How can we characterize mathematical analysis?

[Mr Davis 97]

If algebra can be characterized as the study of algebraic structures and the structure-preserving maps between them, how could characterize mathematical analysis? In analysis, can we break it down into certain mathematical structures, maybe topologies or metric spaces, and the continuous maps between them? Would this be the best way to characterize analysis?

 

[fresh_42]

I'd say it's about functions $f\, : \,\mathbb{K}^n \longrightarrow \mathbb{K}^m$ where $\mathbb{K} \in \{\mathbb{R},\mathbb{C}\}$ all equipped with the Euclidean metric and about these spaces themselves.

The first part includes various continuity concepts as well as all differentiabilty degrees, and the second part topological features like sequences, series and infinite products and measure theory.

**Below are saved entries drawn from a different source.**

(* Let $0<c\le\tfrac12$. Suppose Skeptic starts with capital $\mathcal{K}_0=1$ and plays $\mathcal{P}_c$: $M_n=-c\,\overline{x}_{n-1}\mathcal{K}_{n-1}$ for all $n\ge1$. His capital is then \[ \mathcal{K}_n=\prod_{i=2}^n\bigl(1-c\,\overline{x}_{i-1}x_i\bigr). \] Then $\mathcal{K}_n(\xi)\ge0$ for all $\xi\in\Omega$ and all $n$. Moreover $\mathcal{K}_n(\xi)\to\infty$ for every path $\xi\notin E_1^c$, where \[ E_1^c:=\{\xi:\ \limsup_{n\to\infty}(1+2c)\sqrt n\,|\overline{x}_n|\ge1\}. \] That is, Skeptic can force $E_1^c$ with $\mathcal{P}_c$.
   Context: Fair-coin game: the initial capital is $\mathcal{K}_0$. In rounds $n=1,2,\dots$ Skeptic announces $M_n\in\mathbb{R}$ (depending only on $x_1,\dots,x_{n-1}$), then Reality announces $x_n\in\{-1,1\}$, and $\mathcal{K}_n:=\mathcal{K}_{n-1}+M_nx_n$. A path is an infinite sequence $\xi=x_1x_2\cdots\in\{-1,1\}^{\mathbb{N}}$, and $\Omega$ is the set of paths. We write $s_n:=x_1+\cdots+x_n$ and $\overline{x}_n:=s_n/n$, with $s_0=\overline{x}_0=0$. Skeptic forces an event $E$ if he has a strategy such that, starting from capital $1$, his capital is nonnegative at all times on all paths and tends to $\infty$ on every path not in $E$. *)

theory Defs
  imports Complex_Main "HOL-Library.Extended_Real"
begin

text \<open>A path is a function xi :: nat => real; the moves are x_1 = xi 1, x_2 = xi 2, ...
  (the value xi 0 is unused). The set of paths Omega consists of those with every
  move x_n (n >= 1) in {-1, 1}.\<close>

definition paths :: "(nat \<Rightarrow> real) set" where
  "paths = {xi. \<forall>n\<ge>1. xi n \<in> {-1, 1}}"

definition psum :: "(nat \<Rightarrow> real) \<Rightarrow> nat \<Rightarrow> real" where
  "psum xi n = (\<Sum>i=1..n. xi i)"

text \<open>xbar_n = s_n / n, with xbar_0 = 0 (division by zero gives 0)\<close>
definition xbar :: "(nat \<Rightarrow> real) \<Rightarrow> nat \<Rightarrow> real" where
  "xbar xi n = psum xi n / real n"

fun capital_P :: "real \<Rightarrow> (nat \<Rightarrow> real) \<Rightarrow> nat \<Rightarrow> real" where
  "capital_P c xi 0 = 1"
| "capital_P c xi (Suc n) =
     capital_P c xi n + (- c * xbar xi n * capital_P c xi n) * xi (Suc n)"

definition E1c :: "real \<Rightarrow> (nat \<Rightarrow> real) set" where
  "E1c c = {xi \<in> paths.
     limsup (\<lambda>n. ereal ((1 + 2*c) * sqrt (real n) * \<bar>xbar xi n\<bar>)) \<ge> 1}"

end

theory Submission
  imports Defs
begin

text \<open>Let q_n = n xbar_n^2 = s_n^2/n and \<beta> = 2c^3/(1+2c)^2. Since ln (1 + t) \<ge> t - 2t^2
  for |t| \<le> 1/2, one round of P_c increases the potential ln K_n + (c/2) q_n by at least
  \<beta>/n as long as (1+2c)^2 q \<le> 1 before and after the round: the first-order term of
  ln K_{n+1} - ln K_n cancels the cross term of q_{n+1} - q_n, and the remaining second-order
  terms are controlled by the bound on q. Off E_1^c this bound holds from some time on, and
  q stays bounded, so ln K_n \<ge> \<beta> ln n - O(1).\<close>

lemma ln_one_plus_ge:
  fixes t :: real
  assumes "\<bar>t\<bar> \<le> 1/2"
  shows "t - 2 * t\<^sup>2 \<le> ln (1 + t)"
proof (cases "t \<ge> 0")
  case True
  then have "t - t\<^sup>2 \<le> ln (1 + t)" using assms by (intro ln_one_plus_pos_lower_bound) auto
  then show ?thesis using zero_le_power2[of t] by linarith
next
  case False
  then have "- (-t) - 2 * (-t)\<^sup>2 \<le> ln (1 - (-t))"
    using assms by (intro ln_one_minus_pos_lower_bound) auto
  then show ?thesis by simp
qed

lemma ln_add_one_minus_ln_le:
  fixes m :: real
  assumes "m \<ge> 1"
  shows "ln (m + 1) - ln m \<le> 1 / m"
proof -
  have "m + 1 = m * (1 + 1/m)" "1 + 1/m > 0" using assms by (simp_all add: field_simps)
  then have "ln (m + 1) = ln m + ln (1 + 1/m)" using assms by (simp add: ln_mult)
  moreover have "ln (1 + 1/m) \<le> 1/m" using assms by (intro ln_add_one_self_le_self) simp
  ultimately show ?thesis by simp
qed

lemma abs_xbar_le_1:
  assumes "xi \<in> paths"
  shows "\<bar>xbar xi n\<bar> \<le> 1"
proof (cases "n = 0")
  case True
  then show ?thesis by (simp add: xbar_def)
next
  case False
  have "\<bar>psum xi n\<bar> \<le> (\<Sum>i=1..n. \<bar>xi i\<bar>)" unfolding psum_def by (rule sum_abs)
  also have "\<dots> = (\<Sum>i=1..n. 1)" using assms by (intro sum.cong) (auto simp: paths_def)
  finally show ?thesis using False by (simp add: xbar_def divide_le_eq_1)
qed

lemma xbar_Suc: "xbar xi (Suc m) = (real m * xbar xi m + xi (Suc m)) / (real m + 1)"
  by (simp add: xbar_def psum_def add.commute)

lemma abs_relative_gain_le:
  assumes "xi \<in> paths" "n \<ge> 1" "c \<ge> 0"
  shows "\<bar>c * xbar xi m * xi n\<bar> \<le> c"
proof -
  have "\<bar>xi n\<bar> = 1" using assms by (auto simp: paths_def)
  then have "\<bar>c * xbar xi m * xi n\<bar> = c * \<bar>xbar xi m\<bar>" using assms by (simp add: abs_mult)
  also have "\<dots> \<le> c" using abs_xbar_le_1[OF assms(1)] assms(3) by (simp add: mult_left_le)
  finally show ?thesis .
qed

lemma capital_P_Suc:
  "capital_P c xi (Suc n) = capital_P c xi n * (1 - c * xbar xi n * xi (Suc n))"
  by (simp add: algebra_simps)

lemma capital_P_eq_prod: "capital_P c xi n = (\<Prod>i=2..n. 1 - c * xbar xi (i-1) * xi i)"
proof (induction n)
  case 0
  then show ?case by simp
next
  case (Suc n)
  show ?case
  proof (cases "n = 0")
    case True
    then show ?thesis by (simp add: xbar_def)
  next
    case False
    then have "{2..Suc n} = insert (Suc n) {2..n}" by auto
    then show ?thesis by (simp add: capital_P_Suc Suc.IH mult.commute del: capital_P.simps)
  qed
qed

lemma capital_P_pos:
  assumes "xi \<in> paths" "c \<le> 1/2" "c \<ge> 0"
  shows "capital_P c xi n > 0"
proof (induction n)
  case 0
  then show ?case by simp
next
  case (Suc n)
  have "\<bar>c * xbar xi n * xi (Suc n)\<bar> \<le> c" using assms by (intro abs_relative_gain_le) auto
  then have "1 - c * xbar xi n * xi (Suc n) > 0" using assms(2) by linarith
  then show ?case using Suc.IH by (simp add: capital_P_Suc)
qed

definition scaled_mean_sq :: "(nat \<Rightarrow> real) \<Rightarrow> nat \<Rightarrow> real" where
  "scaled_mean_sq xi n = real n * (xbar xi n)\<^sup>2"

lemma scaled_mean_sq_Suc:
  "scaled_mean_sq xi (Suc m) = (real m * xbar xi m + xi (Suc m))\<^sup>2 / (real m + 1)"
  by (simp add: scaled_mean_sq_def xbar_Suc power_divide power2_eq_square add.commute)

text \<open>One round in the variables Q0 = m y^2 and Q1 = (m y + x)^2/(m + 1): the left-hand side
  equals (c/2)(1 - Q1 - 4c Q0)/m, and 1 - (1 + 4c)/(1+2c)^2 = 4c^2/(1+2c)^2.\<close>

lemma potential_increment_ge:
  fixes m y x c :: real
  assumes m: "m \<ge> 1" and x: "x\<^sup>2 = 1" and c: "0 < c"
    and q0: "(1+2*c)\<^sup>2 * (m * y\<^sup>2) \<le> 1"
    and q1: "(1+2*c)\<^sup>2 * ((m*y + x)\<^sup>2 / (m + 1)) \<le> 1"
  shows "2*c^3 / (1+2*c)\<^sup>2 / m
           \<le> (-c*y*x) - 2*(-c*y*x)\<^sup>2 + c/2 * ((m*y + x)\<^sup>2 / (m + 1) - m*y\<^sup>2)"
proof -
  define Q0 where "Q0 = m * y\<^sup>2"
  define Q1 where "Q1 = (m*y + x)\<^sup>2 / (m + 1)"
  define A where "A = (1+2*c)\<^sup>2"
  have A: "A > 0" using c by (simp add: A_def)
  have "Q1 * (m + 1) = (m*y + x)\<^sup>2" using m by (simp add: Q1_def)
  also have "\<dots> = m*m*y*y + 2*m*y*x + x\<^sup>2" by (simp add: power2_eq_square algebra_simps)
  finally have Q1_eq: "Q1 * (m + 1) = m*m*y*y + 2*m*y*x + 1" using x by simp
  have "(-c*y*x) - 2*(c\<^sup>2 * y\<^sup>2) + c/2 * (Q1 - Q0) - c/2 * (1 - Q1 - 4*c*Q0) / m
      = c/2 * (Q1 * (m + 1) - (m*m*y*y + 2*m*y*x + 1)) / m"
    using m by (simp add: Q0_def field_simps power2_eq_square)
  moreover have "(-c*y*x)\<^sup>2 = c\<^sup>2 * y\<^sup>2" using x by (simp add: power_mult_distrib)
  ultimately have identity:
      "(-c*y*x) - 2*(-c*y*x)\<^sup>2 + c/2 * (Q1 - Q0) = c/2 * (1 - Q1 - 4*c*Q0) / m"
    using Q1_eq by simp
  have "A * Q0 \<le> 1" "A * Q1 \<le> 1" using q0 q1 by (simp_all add: A_def Q0_def Q1_def)
  then have Q0_le: "Q0 \<le> 1/A" and Q1_le: "Q1 \<le> 1/A"
    using A by (simp_all add: pos_le_divide_eq mult.commute)
  have "4*c*Q0 \<le> 4*c*(1/A)" using c Q0_le by (intro mult_left_mono) auto
  then have "1 - 1/A - 4*c/A \<le> 1 - Q1 - 4*c*Q0" using Q1_le by simp
  moreover have "1 - 1/A - 4*c/A = 4*c^2/A"
  proof -
    have "1 - 1/A - 4*c/A = (A - 1 - 4*c)/A" using A by (simp add: field_simps)
    moreover have "A - 1 - 4*c = 4*c^2" by (simp add: A_def power2_eq_square algebra_simps)
    ultimately show ?thesis by simp
  qed
  ultimately have "c/2 * (4*c^2/A) / m \<le> c/2 * (1 - Q1 - 4*c*Q0) / m"
    using c m by (intro divide_right_mono mult_left_mono) auto
  moreover have "c/2 * (4*c^2/A) / m = 2*c^3 / (1+2*c)\<^sup>2 / m"
    by (simp add: A_def power3_eq_cube power2_eq_square)
  ultimately show ?thesis using identity by (simp add: Q0_def Q1_def)
qed

lemma ln_capital_P_increment_ge:
  assumes xi: "xi \<in> paths" and c: "0 < c" "c \<le> 1/2" and m: "m \<ge> 1"
    and q0: "(1+2*c)\<^sup>2 * scaled_mean_sq xi m \<le> 1"
    and q1: "(1+2*c)\<^sup>2 * scaled_mean_sq xi (Suc m) \<le> 1"
  shows "2*c^3 / (1+2*c)\<^sup>2 / real m
           \<le> ln (capital_P c xi (Suc m)) - ln (capital_P c xi m)
              + c/2 * (scaled_mean_sq xi (Suc m) - scaled_mean_sq xi m)"
proof -
  define t where "t = - c * xbar xi m * xi (Suc m)"
  have "\<bar>t\<bar> \<le> c" using abs_relative_gain_le[OF xi, of "Suc m" c m] c by (simp add: t_def)
  then have t: "\<bar>t\<bar> \<le> 1/2" using c by linarith
  have "capital_P c xi (Suc m) = capital_P c xi m * (1 + t)" by (simp add: t_def algebra_simps)
  moreover have "capital_P c xi m > 0" "1 + t > 0" using capital_P_pos[OF xi] c t by auto
  ultimately have ln_step: "ln (capital_P c xi (Suc m)) = ln (capital_P c xi m) + ln (1 + t)"
    by (simp add: ln_mult)
  have "xi (Suc m) \<in> {-1, 1}" using xi by (simp add: paths_def)
  then have x: "(xi (Suc m))\<^sup>2 = 1" by auto
  have "2*c^3 / (1+2*c)\<^sup>2 / real m
      \<le> t - 2*t\<^sup>2 + c/2 * ((real m * xbar xi m + xi (Suc m))\<^sup>2 / (real m + 1) - real m * (xbar xi m)\<^sup>2)"
    unfolding t_def using m
    by (intro potential_increment_ge x c(1) q0[unfolded scaled_mean_sq_def]
        q1[unfolded scaled_mean_sq_Suc]) simp
  then have "2*c^3 / (1+2*c)\<^sup>2 / real m
      \<le> t - 2*t\<^sup>2 + c/2 * (scaled_mean_sq xi (Suc m) - scaled_mean_sq xi m)"
    by (subst scaled_mean_sq_Suc) (simp add: scaled_mean_sq_def)
  with ln_one_plus_ge[OF t] ln_step show ?thesis by linarith
qed

lemma eventually_scaled_mean_sq_le:
  assumes "xi \<in> paths" "xi \<notin> E1c c" "c \<ge> 0"
  shows "eventually (\<lambda>n. (1+2*c)\<^sup>2 * scaled_mean_sq xi n \<le> 1) sequentially"
proof -
  have "limsup (\<lambda>n. ereal ((1 + 2*c) * sqrt (real n) * \<bar>xbar xi n\<bar>)) < 1"
    using assms by (simp add: E1c_def not_le)
  then have "eventually (\<lambda>n. (1 + 2*c) * sqrt (real n) * \<bar>xbar xi n\<bar> < 1) sequentially"
    by (auto dest: Limsup_lessD)
  then show ?thesis
  proof (rule eventually_mono)
    fix n
    assume "(1 + 2*c) * sqrt (real n) * \<bar>xbar xi n\<bar> < 1"
    moreover have "0 \<le> (1 + 2*c) * sqrt (real n) * \<bar>xbar xi n\<bar>" using assms(3) by simp
    ultimately have "((1 + 2*c) * sqrt (real n) * \<bar>xbar xi n\<bar>)\<^sup>2 \<le> 1\<^sup>2"
      by (intro power_mono) auto
    then show "(1+2*c)\<^sup>2 * scaled_mean_sq xi n \<le> 1"
      by (simp add: scaled_mean_sq_def power_mult_distrib)
  qed
qed

lemma filterlim_at_top_by_log_drift:
  fixes L g :: "nat \<Rightarrow> real"
  assumes \<beta>: "\<beta> > 0"
    and drift: "eventually (\<lambda>m. \<beta> * (ln (real (Suc m)) - ln (real m))
                                \<le> (L (Suc m) + g (Suc m)) - (L m + g m)) sequentially"
    and g_bounded: "eventually (\<lambda>n. g n \<le> B) sequentially"
  shows "filterlim L at_top sequentially"
proof -
  obtain N where N: "\<And>n. n \<ge> N \<Longrightarrow> \<beta> * (ln (real (Suc n)) - ln (real n))
                                \<le> (L (Suc n) + g (Suc n)) - (L n + g n) \<and> g n \<le> B"
    using eventually_conj[OF drift g_bounded] by (auto simp: eventually_sequentially)
  define F where "F n = L n + g n - \<beta> * ln (real n)" for n
  have F_mono: "F N \<le> F n" if "n \<ge> N" for n
    using that
  proof (induction n rule: dec_induct)
    case base
    then show ?case by simp
  next
    case (step n)
    then show ?case using N[of n] by (simp add: F_def algebra_simps)
  qed
  have "filterlim (\<lambda>n. F N - B + \<beta> * ln (real n)) at_top sequentially"
    by (intro filterlim_tendsto_add_at_top[OF tendsto_const] filterlim_tendsto_pos_mult_at_top
        [OF tendsto_const \<beta>] filterlim_compose[OF ln_at_top filterlim_real_sequentially])
  moreover have "eventually (\<lambda>n. F N - B + \<beta> * ln (real n) \<le> L n) sequentially"
    unfolding eventually_sequentially using F_mono N by (fastforce simp: F_def)
  ultimately show ?thesis by (rule filterlim_at_top_mono)
qed

lemma capital_P_tendsto_at_top:
  assumes c: "0 < c" "c \<le> 1/2" and xi: "xi \<in> paths" "xi \<notin> E1c c"
  shows "filterlim (capital_P c xi) at_top sequentially"
proof -
  let ?q = "scaled_mean_sq xi"
  define \<beta> where "\<beta> = 2*c^3 / (1+2*c)\<^sup>2"
  have q_le: "eventually (\<lambda>n. (1+2*c)\<^sup>2 * ?q n \<le> 1) sequentially"
    using eventually_scaled_mean_sq_le[OF xi] c by simp
  have drift: "\<beta> * (ln (real (Suc m)) - ln (real m))
      \<le> (ln (capital_P c xi (Suc m)) + c/2 * ?q (Suc m)) - (ln (capital_P c xi m) + c/2 * ?q m)"
    if "m \<ge> 1" "(1+2*c)\<^sup>2 * ?q m \<le> 1" "(1+2*c)\<^sup>2 * ?q (Suc m) \<le> 1" for m
  proof -
    have "\<beta> * (ln (real m + 1) - ln (real m)) \<le> \<beta> * (1 / real m)"
      using c that ln_add_one_minus_ln_le[of "real m"] by (intro mult_left_mono) (auto simp: \<beta>_def)
    also have "\<dots> \<le> ln (capital_P c xi (Suc m)) - ln (capital_P c xi m) + c/2 * (?q (Suc m) - ?q m)"
      using ln_capital_P_increment_ge[OF xi(1) c that] by (simp add: \<beta>_def)
    finally show ?thesis by (simp add: algebra_simps)
  qed
  have q_bounded: "c/2 * ?q n \<le> c/2" if "(1+2*c)\<^sup>2 * ?q n \<le> 1" for n
  proof -
    have "1 * ?q n \<le> (1+2*c)\<^sup>2 * ?q n"
      using c by (intro mult_right_mono) (auto simp: scaled_mean_sq_def)
    then show ?thesis using that c by simp
  qed
  have "filterlim (\<lambda>n. ln (capital_P c xi n)) at_top sequentially"
  proof (rule filterlim_at_top_by_log_drift)
    show "\<beta> > 0" using c by (simp add: \<beta>_def)
    have "eventually (\<lambda>m. (1+2*c)\<^sup>2 * ?q (Suc m) \<le> 1) sequentially"
      using q_le by (rule eventually_sequentially_Suc[THEN iffD2])
    with q_le eventually_ge_at_top[of 1] show "eventually (\<lambda>m. \<beta> * (ln (real (Suc m)) - ln (real m))
      \<le> (ln (capital_P c xi (Suc m)) + c/2 * ?q (Suc m)) - (ln (capital_P c xi m) + c/2 * ?q m))
      sequentially"
      by eventually_elim (rule drift)
    show "eventually (\<lambda>n. c/2 * ?q n \<le> c/2) sequentially"
      using q_le by (rule eventually_mono) (rule q_bounded)
  qed
  then have "filterlim (\<lambda>n. exp (ln (capital_P c xi n))) at_top sequentially"
    by (rule filterlim_compose[OF exp_at_top])
  moreover have "exp (ln (capital_P c xi n)) = capital_P c xi n" for n
    using capital_P_pos[OF xi(1)] c by simp
  ultimately show ?thesis by simp
qed

theorem lemma1:
  fixes c :: real
  assumes "0 < c" and "c \<le> 1/2"
  shows "(\<forall>xi\<in>paths. \<forall>n. capital_P c xi n = (\<Prod>i=2..n. 1 - c * xbar xi (i-1) * xi i))
    \<and> (\<forall>xi\<in>paths. \<forall>n. capital_P c xi n \<ge> 0)
    \<and> (\<forall>xi\<in>paths. xi \<notin> E1c c \<longrightarrow> filterlim (capital_P c xi) at_top sequentially)"
  using capital_P_eq_prod capital_P_pos[OF _ assms(2) less_imp_le[OF assms(1)]]
    capital_P_tendsto_at_top[OF assms] less_imp_le by blast

end
lemma one_minus_div_le_ln:
  fixes k n :: real
  assumes "0 < k" "k \<le> n"
  shows "(n - k) / n \<le> ln (n / k)"
proof -
  have "ln (k / n) \<le> k / n - 1" using assms by (intro ln_le_minus_one) simp
  then show ?thesis using assms by (simp add: ln_div diff_divide_distrib)
qed

(* Since nonneg_rank is a LEAST, a bound on it does not by itself provide a factorization;
   explicit factorizations are what survive transposition below. *)
definition has_nonneg_factorization :: "nat \<Rightarrow> ('n \<Rightarrow> 'm \<Rightarrow> real) \<Rightarrow> bool" where
  "has_nonneg_factorization r P \<longleftrightarrow> (\<exists>(u :: nat \<Rightarrow> 'n \<Rightarrow> real) (v :: nat \<Rightarrow> 'm \<Rightarrow> real).
     (\<forall>k i. 0 \<le> u k i) \<and> (\<forall>k j. 0 \<le> v k j) \<and> (\<forall>i j. P i j = (\<Sum>k<r. u k i * v k j)))"

lemma nonneg_rank_le: "has_nonneg_factorization r P \<Longrightarrow> nonneg_rank P \<le> r"
  unfolding nonneg_rank_def has_nonneg_factorization_def by (rule Least_le)

lemma has_nonneg_factorization_zero: "has_nonneg_factorization 0 (\<lambda>i j. 0)"
  unfolding has_nonneg_factorization_def by auto

lemma has_nonneg_factorization_outer:
  assumes "\<And>i. 0 \<le> u i" "\<And>j. 0 \<le> v j"
  shows "has_nonneg_factorization 1 (\<lambda>i j. u i * v j)"
  unfolding has_nonneg_factorization_def using assms
  by (intro exI[of _ "\<lambda>_. u"] exI[of _ "\<lambda>_. v"]) simp

lemma has_nonneg_factorization_add:
  assumes "has_nonneg_factorization r P" "has_nonneg_factorization s Q"
  shows "has_nonneg_factorization (r + s) (\<lambda>i j. P i j + Q i j)"
proof -
  obtain u v where u: "\<forall>k i. 0 \<le> u k i" and v: "\<forall>k j. 0 \<le> v k j"
    and P: "\<forall>i j. P i j = (\<Sum>k<r. u k i * v k j)"
    using assms(1) unfolding has_nonneg_factorization_def by blast
  obtain u' v' where u': "\<forall>k i. 0 \<le> u' k i" and v': "\<forall>k j. 0 \<le> v' k j"
    and Q: "\<forall>i j. Q i j = (\<Sum>k<s. u' k i * v' k j)"
    using assms(2) unfolding has_nonneg_factorization_def by blast
  define U where "U k = (if k < r then u k else u' (k - r))" for k
  define V where "V k = (if k < r then v k else v' (k - r))" for k
  have "P i j + Q i j = (\<Sum>k<r + s. U k i * V k j)" for i j
  proof -
    have "(\<Sum>k<r + s. U k i * V k j) = (\<Sum>k<r. U k i * V k j) + (\<Sum>k\<in>{r..<s + r}. U k i * V k j)"
      by (simp add: lessThan_atLeast0 sum.atLeastLessThan_concat add.commute)
    also have "(\<Sum>k\<in>{r..<s + r}. U k i * V k j) = Q i j"
      using sum.shift_bounds_nat_ivl[of "\<lambda>k. U k i * V k j" 0 r s] Q
      by (simp add: U_def V_def lessThan_atLeast0)
    also have "(\<Sum>k<r. U k i * V k j) = P i j"
      using P by (simp add: U_def V_def)
    finally show ?thesis by simp
  qed
  moreover have "\<forall>k i. 0 \<le> U k i" "\<forall>k j. 0 \<le> V k j"
    using u v u' v' by (simp_all add: U_def V_def)
  ultimately show ?thesis
    unfolding has_nonneg_factorization_def by blast
qed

I can't imagine a specific categorial classification as topological spaces, vector spaces or measure algebras would be as it is all of them restricted to $\mathbb{R}$ or $\mathbb{C}$ as basic field, or at least to fields of characteristic $0$. Maybe the most general description would be: The Theory of the Equations of Movement.

 

[FactChecker]

The "structure-preserving maps" part is too specific to abstract algebra. A lot of mathematical analysis is about other properties.